(Your objective): From the data below, return the exact lines starting at the line containing "using smooth_on_mult[OF P" and ending at the line containing "image_subsetI) (rule psi_mem_Z_0)", both included, and nothing else.

[Items from a data source]
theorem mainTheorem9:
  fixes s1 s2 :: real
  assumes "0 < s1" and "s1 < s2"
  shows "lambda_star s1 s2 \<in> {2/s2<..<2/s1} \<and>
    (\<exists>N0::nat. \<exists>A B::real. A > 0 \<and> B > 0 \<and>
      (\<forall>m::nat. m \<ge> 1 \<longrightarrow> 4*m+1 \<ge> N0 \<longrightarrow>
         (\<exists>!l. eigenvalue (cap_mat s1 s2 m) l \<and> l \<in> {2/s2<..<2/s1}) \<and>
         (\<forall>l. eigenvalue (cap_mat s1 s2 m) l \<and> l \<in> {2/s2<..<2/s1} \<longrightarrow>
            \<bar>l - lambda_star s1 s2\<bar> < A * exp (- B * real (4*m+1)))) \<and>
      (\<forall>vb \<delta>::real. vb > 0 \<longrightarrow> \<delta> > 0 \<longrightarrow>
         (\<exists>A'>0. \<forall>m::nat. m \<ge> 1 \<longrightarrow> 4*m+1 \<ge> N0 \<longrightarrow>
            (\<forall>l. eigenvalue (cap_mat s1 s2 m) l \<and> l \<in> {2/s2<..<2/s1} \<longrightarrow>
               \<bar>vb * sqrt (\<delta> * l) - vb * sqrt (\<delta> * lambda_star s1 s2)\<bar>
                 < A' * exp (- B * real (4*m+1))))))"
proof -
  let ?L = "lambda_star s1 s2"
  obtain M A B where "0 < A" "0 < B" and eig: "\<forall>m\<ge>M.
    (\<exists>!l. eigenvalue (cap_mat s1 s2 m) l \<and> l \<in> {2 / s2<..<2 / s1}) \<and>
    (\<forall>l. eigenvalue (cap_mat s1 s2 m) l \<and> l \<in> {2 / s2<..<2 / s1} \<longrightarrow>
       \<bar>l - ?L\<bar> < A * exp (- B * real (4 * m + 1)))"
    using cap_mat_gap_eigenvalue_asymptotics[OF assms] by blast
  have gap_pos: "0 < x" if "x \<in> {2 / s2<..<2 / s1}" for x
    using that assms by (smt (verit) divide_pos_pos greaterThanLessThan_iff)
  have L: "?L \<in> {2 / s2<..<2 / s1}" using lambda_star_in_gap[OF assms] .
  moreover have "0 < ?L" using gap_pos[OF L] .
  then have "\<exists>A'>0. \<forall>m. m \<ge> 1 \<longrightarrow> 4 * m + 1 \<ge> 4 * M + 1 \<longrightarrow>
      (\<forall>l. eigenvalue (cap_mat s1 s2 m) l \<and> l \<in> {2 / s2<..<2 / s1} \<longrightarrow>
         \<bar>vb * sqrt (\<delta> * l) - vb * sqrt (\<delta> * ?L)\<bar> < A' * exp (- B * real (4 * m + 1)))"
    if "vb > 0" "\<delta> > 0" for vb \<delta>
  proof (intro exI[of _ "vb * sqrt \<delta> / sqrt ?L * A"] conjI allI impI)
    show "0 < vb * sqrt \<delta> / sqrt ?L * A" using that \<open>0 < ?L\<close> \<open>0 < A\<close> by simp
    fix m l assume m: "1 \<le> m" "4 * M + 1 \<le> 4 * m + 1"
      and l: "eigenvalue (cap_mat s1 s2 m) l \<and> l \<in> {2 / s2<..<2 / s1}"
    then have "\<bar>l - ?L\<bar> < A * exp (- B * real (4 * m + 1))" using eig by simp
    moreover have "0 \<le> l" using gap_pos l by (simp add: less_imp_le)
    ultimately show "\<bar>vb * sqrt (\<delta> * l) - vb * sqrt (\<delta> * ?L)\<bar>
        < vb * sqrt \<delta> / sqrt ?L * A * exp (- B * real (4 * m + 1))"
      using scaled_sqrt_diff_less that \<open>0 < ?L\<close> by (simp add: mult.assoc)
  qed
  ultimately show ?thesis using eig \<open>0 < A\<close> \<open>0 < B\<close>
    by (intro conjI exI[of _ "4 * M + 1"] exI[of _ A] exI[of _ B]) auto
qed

--

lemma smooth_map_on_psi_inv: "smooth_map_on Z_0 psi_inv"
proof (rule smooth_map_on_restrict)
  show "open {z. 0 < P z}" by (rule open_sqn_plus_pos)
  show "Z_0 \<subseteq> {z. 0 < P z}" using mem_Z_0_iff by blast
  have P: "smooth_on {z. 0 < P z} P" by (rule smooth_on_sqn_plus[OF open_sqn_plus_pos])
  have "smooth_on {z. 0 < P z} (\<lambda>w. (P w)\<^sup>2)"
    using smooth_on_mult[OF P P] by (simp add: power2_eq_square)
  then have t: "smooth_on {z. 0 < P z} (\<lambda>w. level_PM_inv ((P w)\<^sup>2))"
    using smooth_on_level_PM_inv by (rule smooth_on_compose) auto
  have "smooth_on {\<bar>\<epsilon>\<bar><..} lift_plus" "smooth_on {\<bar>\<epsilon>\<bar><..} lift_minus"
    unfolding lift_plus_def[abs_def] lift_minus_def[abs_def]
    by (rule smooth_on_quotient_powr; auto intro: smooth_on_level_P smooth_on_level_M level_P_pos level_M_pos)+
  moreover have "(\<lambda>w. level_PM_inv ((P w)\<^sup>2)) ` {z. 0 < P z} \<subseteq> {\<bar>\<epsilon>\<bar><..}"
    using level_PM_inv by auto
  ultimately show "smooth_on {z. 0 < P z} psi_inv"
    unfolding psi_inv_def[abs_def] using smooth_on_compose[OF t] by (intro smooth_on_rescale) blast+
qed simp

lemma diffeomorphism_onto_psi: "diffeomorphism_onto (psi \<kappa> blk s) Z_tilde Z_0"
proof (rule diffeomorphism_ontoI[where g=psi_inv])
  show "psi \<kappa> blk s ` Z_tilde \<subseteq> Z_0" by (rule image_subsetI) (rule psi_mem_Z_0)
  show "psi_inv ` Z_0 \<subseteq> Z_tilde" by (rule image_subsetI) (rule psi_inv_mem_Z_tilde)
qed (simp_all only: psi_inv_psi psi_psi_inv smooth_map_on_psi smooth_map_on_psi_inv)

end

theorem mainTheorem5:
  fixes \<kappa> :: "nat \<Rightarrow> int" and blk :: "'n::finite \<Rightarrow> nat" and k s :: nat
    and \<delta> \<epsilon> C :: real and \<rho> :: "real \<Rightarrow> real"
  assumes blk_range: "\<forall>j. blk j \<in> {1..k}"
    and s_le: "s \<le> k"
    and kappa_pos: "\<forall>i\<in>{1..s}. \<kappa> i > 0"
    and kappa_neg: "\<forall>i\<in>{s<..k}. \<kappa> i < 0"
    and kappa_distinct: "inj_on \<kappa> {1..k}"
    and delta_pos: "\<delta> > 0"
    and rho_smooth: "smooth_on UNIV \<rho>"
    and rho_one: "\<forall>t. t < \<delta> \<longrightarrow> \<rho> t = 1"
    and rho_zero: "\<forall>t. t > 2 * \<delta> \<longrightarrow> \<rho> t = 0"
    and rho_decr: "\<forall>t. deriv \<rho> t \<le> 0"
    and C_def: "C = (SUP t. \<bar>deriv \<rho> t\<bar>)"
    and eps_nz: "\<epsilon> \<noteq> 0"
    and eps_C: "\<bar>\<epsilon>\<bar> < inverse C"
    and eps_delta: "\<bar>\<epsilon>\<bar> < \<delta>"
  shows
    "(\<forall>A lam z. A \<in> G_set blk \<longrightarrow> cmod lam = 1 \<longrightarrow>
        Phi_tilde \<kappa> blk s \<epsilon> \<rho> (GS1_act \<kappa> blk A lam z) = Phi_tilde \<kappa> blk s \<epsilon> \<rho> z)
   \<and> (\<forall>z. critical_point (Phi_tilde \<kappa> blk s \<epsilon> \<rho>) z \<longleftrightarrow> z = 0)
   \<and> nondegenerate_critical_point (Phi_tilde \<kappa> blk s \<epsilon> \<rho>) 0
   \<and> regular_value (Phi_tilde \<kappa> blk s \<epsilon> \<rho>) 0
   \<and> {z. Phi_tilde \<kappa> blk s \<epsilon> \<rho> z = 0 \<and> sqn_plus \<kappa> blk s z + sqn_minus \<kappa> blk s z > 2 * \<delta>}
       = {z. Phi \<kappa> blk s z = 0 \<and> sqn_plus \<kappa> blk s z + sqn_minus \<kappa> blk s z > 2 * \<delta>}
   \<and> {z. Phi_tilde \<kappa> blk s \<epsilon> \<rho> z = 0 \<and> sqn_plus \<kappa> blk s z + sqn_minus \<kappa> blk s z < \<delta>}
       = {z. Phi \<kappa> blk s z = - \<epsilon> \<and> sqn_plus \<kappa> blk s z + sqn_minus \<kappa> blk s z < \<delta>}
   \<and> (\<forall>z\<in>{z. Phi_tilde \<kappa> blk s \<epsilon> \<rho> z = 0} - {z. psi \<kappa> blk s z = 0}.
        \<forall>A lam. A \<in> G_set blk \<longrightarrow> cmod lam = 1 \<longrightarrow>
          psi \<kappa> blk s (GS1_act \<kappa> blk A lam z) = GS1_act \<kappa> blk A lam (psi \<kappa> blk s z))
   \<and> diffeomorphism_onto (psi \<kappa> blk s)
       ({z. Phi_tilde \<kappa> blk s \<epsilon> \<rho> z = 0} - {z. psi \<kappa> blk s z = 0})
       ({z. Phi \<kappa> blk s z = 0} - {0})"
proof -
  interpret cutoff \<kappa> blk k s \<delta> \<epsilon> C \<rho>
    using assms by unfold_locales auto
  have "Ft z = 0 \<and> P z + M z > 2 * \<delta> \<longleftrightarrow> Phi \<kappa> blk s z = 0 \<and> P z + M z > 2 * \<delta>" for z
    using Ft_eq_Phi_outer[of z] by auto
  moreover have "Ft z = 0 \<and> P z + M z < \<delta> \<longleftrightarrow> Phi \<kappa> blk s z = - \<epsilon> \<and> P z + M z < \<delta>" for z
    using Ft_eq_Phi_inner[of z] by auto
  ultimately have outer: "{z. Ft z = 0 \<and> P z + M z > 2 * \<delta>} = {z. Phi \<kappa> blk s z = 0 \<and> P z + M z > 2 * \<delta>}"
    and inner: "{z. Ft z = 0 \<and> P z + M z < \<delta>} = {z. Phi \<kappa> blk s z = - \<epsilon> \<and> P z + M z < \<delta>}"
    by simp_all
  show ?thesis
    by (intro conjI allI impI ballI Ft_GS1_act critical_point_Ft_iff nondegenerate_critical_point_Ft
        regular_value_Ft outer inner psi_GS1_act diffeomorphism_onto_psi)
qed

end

(Expected answer):
    using smooth_on_mult[OF P P] by (simp add: power2_eq_square)
  then have t: "smooth_on {z. 0 < P z} (\<lambda>w. level_PM_inv ((P w)\<^sup>2))"
    using smooth_on_level_PM_inv by (rule smooth_on_compose) auto
  have "smooth_on {\<bar>\<epsilon>\<bar><..} lift_plus" "smooth_on {\<bar>\<epsilon>\<bar><..} lift_minus"
    unfolding lift_plus_def[abs_def] lift_minus_def[abs_def]
    by (rule smooth_on_quotient_powr; auto intro: smooth_on_level_P smooth_on_level_M level_P_pos level_M_pos)+
  moreover have "(\<lambda>w. level_PM_inv ((P w)\<^sup>2)) ` {z. 0 < P z} \<subseteq> {\<bar>\<epsilon>\<bar><..}"
    using level_PM_inv by auto
  ultimately show "smooth_on {z. 0 < P z} psi_inv"
    unfolding psi_inv_def[abs_def] using smooth_on_compose[OF t] by (intro smooth_on_rescale) blast+
qed simp

lemma diffeomorphism_onto_psi: "diffeomorphism_onto (psi \<kappa> blk s) Z_tilde Z_0"
proof (rule diffeomorphism_ontoI[where g=psi_inv])
  show "psi \<kappa> blk s ` Z_tilde \<subseteq> Z_0" by (rule image_subsetI) (rule psi_mem_Z_0)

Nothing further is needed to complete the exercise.